Осознание своей «лишности» героем — открытие Тургенева; таков Чулкатурин, давший определение целой плеяде своих предшественников и последователей. И в свете характеристики Чулкатурина оказывается спорным причисление Онегина, Печорина, Рудина, Бельтова к типу «лишнего человека», либо спорно причисление Чулкатурина к данному типу, поскольку существенны отличия между героями12. Если исходить из тезиса, что предшественники (и последователи) этого образа генетически связаны с типом романтического героя, о чем писалось неоднократно в литературоведении, то у Чулкатурина весьма сложные отношения с прообразом. «Лишность» романтического героя держалась на чуждости «другим» и всему миру, такова она и у героев, привычно называемых «лишними людьми». Они влюбляются, но никогда любовь не составляет их счастья, они не способны жить уютной семейной жизнью (в этом сходство и с Чулкатуриным), но они получают неплохое образование (чем не может похвастать герой «Дневника лишнего человека»), они не способны служить в гражданской службе, если уж служба — то на пользу отечеству13, а не рутинная работа. Есть доля презрения, высокомерия, игры с окружающими в той или иной степени, что восходит к противостоянию всем романтического героя. Чулкатурин робеет перед всеми и сам удивляется своей смелости в доме Ожогиных. Это герои «не как все», хотят они этого или нет, Чулкатурин стремится быть как все14. Рефлексия Чулкатурина, хотя он и ссылается на Печорина, сродни не печоринскому анализу-загадке15, а самоедству и самоуничижению «подпольного человека» Достоевского. «Маленький человек» до такой рефлексии не доходил, а вот «подпольный человек» генетически может быть связан с образом Чулкатурина, особенно в плане самоанализа и едкой иронии над собой в нелицеприятных для него сценах.

Другими словами, в творчестве Тургенева слишком разные «лишние люди», помогающие лучше понять типологические черты интересующего нас образа, восходящего к романтическому герою. Именно такого героя условимся называть, по устоявшейся традиции, «лишним человеком». В таком случае наиболее близок к интересующему нас типу Дмитрий Рудин.

Проводились типологические сопоставления романа «Рудин» с романами Пушкина, Лермонтова, Герцена16, однако он продолжает и тургеневские опыты на пути познания «лишнего человека».

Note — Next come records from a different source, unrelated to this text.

lemma expanding_continuous_surj:
  fixes \<phi> :: "real \<Rightarrow> real"
  assumes "0 < L" and "continuous_on UNIV \<phi>" and expand: "\<And>a b. \<bar>a - b\<bar> \<le> L * \<bar>\<phi> a - \<phi> b\<bar>"
  shows "surj \<phi>"
proof -
  have "inj \<phi>"
  proof (rule injI)
    fix a b assume "\<phi> a = \<phi> b"
    then show "a = b" using expand[of a b] by simp
  qed
  have "v \<in> range \<phi>" for v
  proof -
    define T where "T = L * (\<bar>v - \<phi> 0\<bar> + 1)"
    have "0 < T" unfolding T_def using \<open>0 < L\<close> by (simp add: add_pos_nonneg)
    have far: "\<bar>v - \<phi> 0\<bar> + 1 \<le> \<bar>\<phi> s - \<phi> 0\<bar>" if "\<bar>s\<bar> = T" for s
      using expand[of s 0] that \<open>0 < L\<close> unfolding T_def by (simp add: mult_le_cancel_left_pos)
    have cont: "continuous_on {a..b} \<phi>" for a b
      using assms(2) by (rule continuous_on_subset) simp
    have "(\<phi> (-T) < \<phi> 0 \<and> \<phi> 0 < \<phi> T) \<or> (\<phi> T < \<phi> 0 \<and> \<phi> 0 < \<phi> (-T))"
      using continuous_inj_imp_mono[of "-T" 0 T \<phi>] \<open>0 < T\<close> cont \<open>inj \<phi>\<close>
      by (auto simp: inj_on_def inj_def)
    then show ?thesis
    proof
      assume "\<phi> (-T) < \<phi> 0 \<and> \<phi> 0 < \<phi> T"
      then have "\<phi> (-T) \<le> v" "v \<le> \<phi> T" using far[of T] far[of "-T"] \<open>0 < T\<close> by auto
      then show ?thesis using IVT'[of \<phi> "-T" v T] \<open>0 < T\<close> cont by force
    next
      assume "\<phi> T < \<phi> 0 \<and> \<phi> 0 < \<phi> (-T)"
      then have "\<phi> T \<le> v" "v \<le> \<phi> (-T)" using far[of T] far[of "-T"] \<open>0 < T\<close> by auto
      then show ?thesis using IVT2'[of \<phi> T v "-T"] \<open>0 < T\<close> cont by force
    qed
  qed
  then show ?thesis by blast
qed

text \<open>Otherwise the support points of cball x r would all lie in cball w (\<epsilon> * r), so up to a null set
  the ball would be covered by the small ball, contradicting the decay estimate.\<close>

lemma abs_decaying_escape:
  assumes "abs_decaying \<mu> C \<gamma>"
  obtains \<rho>0 where "0 < \<rho>0" and "\<And>x r w \<epsilon>. x \<in> msupp \<mu> \<Longrightarrow> 0 < r \<Longrightarrow> r \<le> \<rho>0 \<Longrightarrow>
      0 < \<epsilon> \<Longrightarrow> C * \<epsilon> powr \<gamma> \<le> 1 \<Longrightarrow> \<exists>z\<in>msupp \<mu>. \<bar>z - x\<bar> \<le> r \<and> \<epsilon> * r \<le> \<bar>z - w\<bar>"
proof -
  obtain \<rho>0 where "0 < \<rho>0" and sets: "sets \<mu> = sets borel" and
    decay: "\<And>\<rho> x w \<epsilon>. 0 < \<rho> \<Longrightarrow> \<rho> \<le> \<rho>0 \<Longrightarrow> x \<in> msupp \<mu> \<Longrightarrow> 0 < \<epsilon> \<Longrightarrow>
      emeasure \<mu> (cball x \<rho> \<inter> cball w (\<epsilon> * \<rho>)) < ennreal (C * \<epsilon> powr \<gamma>) * emeasure \<mu> (cball x \<rho>)"
    using assms unfolding abs_decaying_def locally_finite_borel_def by blast
  have escape: "\<exists>z\<in>msupp \<mu>. \<bar>z - x\<bar> \<le> r \<and> \<epsilon> * r \<le> \<bar>z - w\<bar>"
    if x: "x \<in> msupp \<mu>" and r: "0 < r" "r \<le> \<rho>0" and "0 < \<epsilon>" and C\<epsilon>: "C * \<epsilon> powr \<gamma> \<le> 1"
    for x r w \<epsilon>
  proof (rule ccontr)
    assume none: "\<not> ?thesis"
    define A where "A = cball x r \<inter> {z. \<epsilon> * r \<le> \<bar>z - w\<bar>}"
    have "compact A" unfolding A_def
      by (intro compact_Int_closed compact_cball closed_Collect_le continuous_intros)
    have "\<forall>z\<in>A. \<exists>U. open U \<and> z \<in> U \<and> emeasure \<mu> U = 0"
      using none unfolding A_def msupp_def by (auto simp: dist_real_def abs_minus_commute)
    then obtain U where U: "\<And>z. z \<in> A \<Longrightarrow> open (U z) \<and> z \<in> U z \<and> emeasure \<mu> (U z) = 0"
      by metis
    obtain F where F: "F \<subseteq> A" "finite F" "A \<subseteq> (\<Union>z\<in>F. U z)"
      using compactE_image[OF \<open>compact A\<close>, of A U] U by blast
    have null: "(\<Union>z\<in>F. U z) \<in> null_sets \<mu>"
      using F U by (intro null_sets_UN') (auto simp: countable_finite sets null_sets_def)
    then have "emeasure \<mu> A \<le> emeasure \<mu> (\<Union>z\<in>F. U z)"
      using F(3) by (intro emeasure_mono) auto
    then have A_null: "emeasure \<mu> A = 0" using null by (metis le_zero_eq null_setsD1)
    have A_sets: "A \<in> sets \<mu>" unfolding sets A_def
      by (intro borel_closed closed_Int closed_cball closed_Collect_le continuous_intros)
    let ?E = "emeasure \<mu> (cball x r)"
    have "?E \<le> emeasure \<mu> ((cball x r \<inter> cball w (\<epsilon> * r)) \<union> A)"
      using A_sets by (intro emeasure_mono) (auto simp: sets A_def dist_real_def)
    also have "\<dots> \<le> emeasure \<mu> (cball x r \<inter> cball w (\<epsilon> * r)) + emeasure \<mu> A"
      using A_sets by (intro emeasure_subadditive) (auto simp: sets)
    also have "\<dots> < ennreal (C * \<epsilon> powr \<gamma>) * ?E"
      using decay[OF r x \<open>0 < \<epsilon>\<close>, of w] A_null by (simp add: mult.commute)
    also have "\<dots> \<le> ?E"
      using C\<epsilon> mult_right_mono[of "ennreal (C * \<epsilon> powr \<gamma>)" 1 ?E] by simp
    finally show False by simp
  qed
  show thesis using that[OF \<open>0 < \<rho>0\<close> escape] .
qed

lemma abs_decaying_escape_const:
  assumes "abs_decaying \<mu> C \<gamma>" and "msupp \<mu> \<noteq> {}"
  obtains \<rho>0 where "0 < \<rho>0" and "(1 / (3 * C)) powr (1 / \<gamma>) \<le> 1"
    and "\<And>x r w. x \<in> msupp \<mu> \<Longrightarrow> 0 < r \<Longrightarrow> r \<le> \<rho>0 \<Longrightarrow>
      \<exists>z\<in>msupp \<mu>. \<bar>z - x\<bar> \<le> r \<and> (1 / (3 * C)) powr (1 / \<gamma>) * r \<le> \<bar>z - w\<bar>"
proof -
  define \<epsilon> where "\<epsilon> = (1 / (3 * C)) powr (1 / \<gamma>)"
  have "0 < C" "0 < \<gamma>" using assms(1) unfolding abs_decaying_def by auto
  then have "C * \<epsilon> powr \<gamma> \<le> 1" "0 < \<epsilon>" unfolding \<epsilon>_def by (simp_all add: powr_powr)
  obtain \<rho>0 where "0 < \<rho>0" and escape: "\<And>x r w. x \<in> msupp \<mu> \<Longrightarrow> 0 < r \<Longrightarrow> r \<le> \<rho>0 \<Longrightarrow>
      \<exists>z\<in>msupp \<mu>. \<bar>z - x\<bar> \<le> r \<and> \<epsilon> * r \<le> \<bar>z - w\<bar>"
    using abs_decaying_escape[OF assms(1)] \<open>0 < \<epsilon>\<close> \<open>C * \<epsilon> powr \<gamma> \<le> 1\<close> by metis
  obtain x where "x \<in> msupp \<mu>" using assms(2) by blast
  then obtain z where "\<bar>z - x\<bar> \<le> \<rho>0" "\<epsilon> * \<rho>0 \<le> \<bar>z - x\<bar>" using escape[of x \<rho>0 x] \<open>0 < \<rho>0\<close> by auto
  then have "\<epsilon> * \<rho>0 \<le> 1 * \<rho>0" by linarith
  then have "\<epsilon> \<le> 1" using \<open>0 < \<rho>0\<close> by (rule mult_right_le_imp_le)
  then show thesis using that \<open>0 < \<rho>0\<close> escape unfolding \<epsilon>_def by blast
qed

lemma winning_ab_on_empty: "winning_ab_on {} \<alpha> \<beta> S"
  unfolding winning_ab_on_def Let_def by (auto simp: bob_legal_def)

lemma winning_ab_on_mono:
  assumes "winning_ab_on K \<alpha> \<beta> S" and "S \<subseteq> T"
  shows "winning_ab_on K \<alpha> \<beta> T"
  using assms unfolding winning_ab_on_def Let_def by blast

locale lacunary_seq =
  fixes t :: "nat \<Rightarrow> real" and q :: real
  assumes t_pos: "0 < t n" and ratio_gt_1: "1 < q" and ratio_le: "q * t n \<le> t (Suc n)"
begin

lemma t_geometric: "q ^ k * t n \<le> t (n + k)"
proof (induction k)
  case (Suc k)
  have "q ^ Suc k * t n = q * (q ^ k * t n)" by simp
  also have "\<dots> \<le> q * t (n + k)" using Suc ratio_gt_1 by (intro mult_left_mono) auto
  also have "\<dots> \<le> t (n + Suc k)" using ratio_le[of "n + k"] by simp
  finally show ?case .
qed simp

lemma t_mono:
  assumes "m \<le> n"
  shows "t m \<le> t n"
proof -
  have "1 * t m \<le> q ^ (n - m) * t m"
    using ratio_gt_1 t_pos[of m] by (intro mult_right_mono one_le_power) auto
  also have "\<dots> \<le> t n" using t_geometric[of "n - m" m] assms by simp
  finally show ?thesis by simp
qed

lemma finite_t_le: "finite {n. t n \<le> T}"
proof -
  obtain N where N: "T / t 0 < q ^ N" using real_arch_pow[OF ratio_gt_1] by blast
  have "n < N" if "t n \<le> T" for n
  proof (rule ccontr)
    assume "\<not> n < N"
    then have "q ^ N * t 0 \<le> q ^ n * t 0"
      using ratio_gt_1 t_pos[of 0] by (intro mult_right_mono power_increasing) auto
    also have "\<dots> \<le> T" using t_geometric[of n 0] that by simp
    finally have "q ^ N * t 0 \<le> T" .
    moreover have "T < q ^ N * t 0" using N t_pos[of 0] by (simp add: pos_divide_less_eq)
    ultimately show False by linarith
  qed
  then have "{n. t n \<le> T} \<subseteq> {..<N}" by blast
  then show ?thesis using finite_subset by blast
qed

lemma card_t_window:
  assumes "0 < l" "l < 1"
  obtains M :: nat where "\<And>a. 0 < a \<Longrightarrow> card {n. a < t n \<and> t n \<le> a / l} \<le> M"
proof -
  obtain M where M: "1 / l < q ^ M" using real_arch_pow[OF ratio_gt_1] by blast
  have "card {n. a < t n \<and> t n \<le> a / l} \<le> M" for a
  proof (cases "{n. a < t n \<and> t n \<le> a / l} = {}")
    case False
    let ?S = "{n. a < t n \<and> t n \<le> a / l}"
    have "finite ?S" by (rule finite_subset[OF _ finite_t_le[of "a / l"]]) auto
    define n0 where "n0 = Min ?S"
    have n0: "n0 \<in> ?S" unfolding n0_def using \<open>finite ?S\<close> False by (rule Min_in)
    have "n < n0 + M" if "n \<in> ?S" for n
    proof (rule ccontr)
      assume "\<not> n < n0 + M"
      then obtain k where k: "n = n0 + k" "M \<le> k" using le_Suc_ex by force
      have "1 / l * t n0 < q ^ M * t n0" using M t_pos[of n0] by (rule mult_strict_right_mono)
      also have "\<dots> \<le> q ^ k * t n0"
        using k ratio_gt_1 t_pos[of n0] by (intro mult_right_mono power_increasing) auto
      also have "\<dots> \<le> t n" using t_geometric[of k n0] k by simp
      also have "\<dots> \<le> a / l" using that by simp
      finally have "t n0 < a" using assms by (simp add: divide_less_cancel)
      with n0 show False by simp
    qed
    moreover have "n0 \<le> n" if "n \<in> ?S" for n unfolding n0_def using \<open>finite ?S\<close> that by (rule Min_le)
    ultimately have "?S \<subseteq> {n0..<n0 + M}" by auto
    then show ?thesis using card_mono[of "{n0..<n0 + M}" ?S] by simp
  next
    case True
    show ?thesis unfolding True by simp
  qed
  then show thesis using that by blast
qed

end

lemma lacunary_imp_lacunary_seq:
  assumes "lacunary t"
  shows "lacunary_seq t (INF n. t (Suc n) / t n)"
proof unfold_locales
  show t_pos: "0 < t n" for n using assms unfolding lacunary_def by blast
  show "1 < (INF n. t (Suc n) / t n)" using assms unfolding lacunary_def by blast
  have "bdd_below (range (\<lambda>n. t (Suc n) / t n))"
    by (rule bdd_belowI[of _ 0]) (auto intro!: less_imp_le divide_pos_pos t_pos)
  then have "(INF n. t (Suc n) / t n) \<le> t (Suc n) / t n" for n by (rule cINF_lower) simp
  then show "(INF n. t (Suc n) / t n) * t n \<le> t (Suc n)" for n
    using t_pos[of n] by (simp add: le_divide_eq)
qed

text \<open>The escape property is all that is used of the measure: it is the absolute decay of \<mu>
  applied to a single ball, with K the support.\<close>

locale avoidance_game = lacunary_seq t q
  for t :: "nat \<Rightarrow> real" and q :: real +
  fixes K :: "real set" and \<rho>0 \<epsilon> \<alpha> \<beta> L :: real and p :: "nat \<Rightarrow> int \<Rightarrow> real"
  assumes escape: "x \<in> K \<Longrightarrow> 0 < r \<Longrightarrow> r \<le> \<rho>0 \<Longrightarrow> \<exists>z\<in>K. \<bar>z - x\<bar> \<le> r \<and> \<epsilon> * r \<le> \<bar>z - w\<bar>"
    and \<rho>0_pos: "0 < \<rho>0" and \<epsilon>_le_1: "\<epsilon> \<le> 1"
    and \<alpha>_pos: "0 < \<alpha>" and \<alpha>_le: "\<alpha> \<le> \<epsilon> / 4"
    and \<beta>_pos: "0 < \<beta>" and \<beta>_lt_1: "\<beta> < 1"
    and L_pos: "0 < L"
    and separated: "real_of_int \<bar>m - m'\<bar> \<le> L * t n * \<bar>p n m - p n m'\<bar>"
begin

Уже при первом знакомстве с Рудиным Тургенев, отказывая Пигасову в первенстве, заявляет о новом этапе изображения типа «лишнего человека»17. Пришел новый герой, образованный и умеющий говорить. Действительно, новый образ «лишнего человека». Поскольку красноречием о высоком и общем («Рудин не умел говорить о конкретном») никто до Рудина из «лишних людей» не обладал. Они были образованы, особенно Бельтов, но не ораторы. Любопытно, что Пигасов, претендующий на роль героя и связанный с образом лишнего человека, тоже умел говорить: «Он выражался своеобразно; он смолоду присвоил себе особый род желчного и раздражительного красноречия. Мысли его не возвышались

над общим уровнем; а говорил он так, что мог казаться не только умным, но даже очень умным человеком» (Т. 5. С. 211), но терпит поражение в диспуте с Рудиным.

Чувство Натальи вызвано именно умением Рудина говорить, а чувство Рудина — любовью Натальи18. Любовь — одна из важнейших страниц в жизни и романтического героя, и «лишнего человека». Предельная затемненность прошлого героя, иронические характеристики Рудина Лежневым и снижающий образ героя авторский комментарий не опровергают и не подтверждают его слово о разочаровании. Нет ни полного разоблачения Рудина, ни оснований для апологии его разочарования и отчуждения в прошлом.

Другими словами, в ситуации любви (обычно наиболее отчетливо показывавшей романтичность героев) традиционные романтические элементы значительно трансформируются. С одной стороны, романтическое в образе героя приобретает комический оттенок, с другой стороны, неспособность полюбить все-таки оказывается тайной, потенциально сохраняющей высший романтический смысл. Однако ситуация любви в романе Тургенева не имеет того решающего значения в судьбе героя и той силы, которая ей была присуща в романтической поэме и в романах Пушкина и Герцена.

В эпилоге существенно изменяется масштаб обобщения изображаемого: место действия романа теперь вся Россия, дорога без определенного конечного пункта, как это было и в романе «Герой нашего времени».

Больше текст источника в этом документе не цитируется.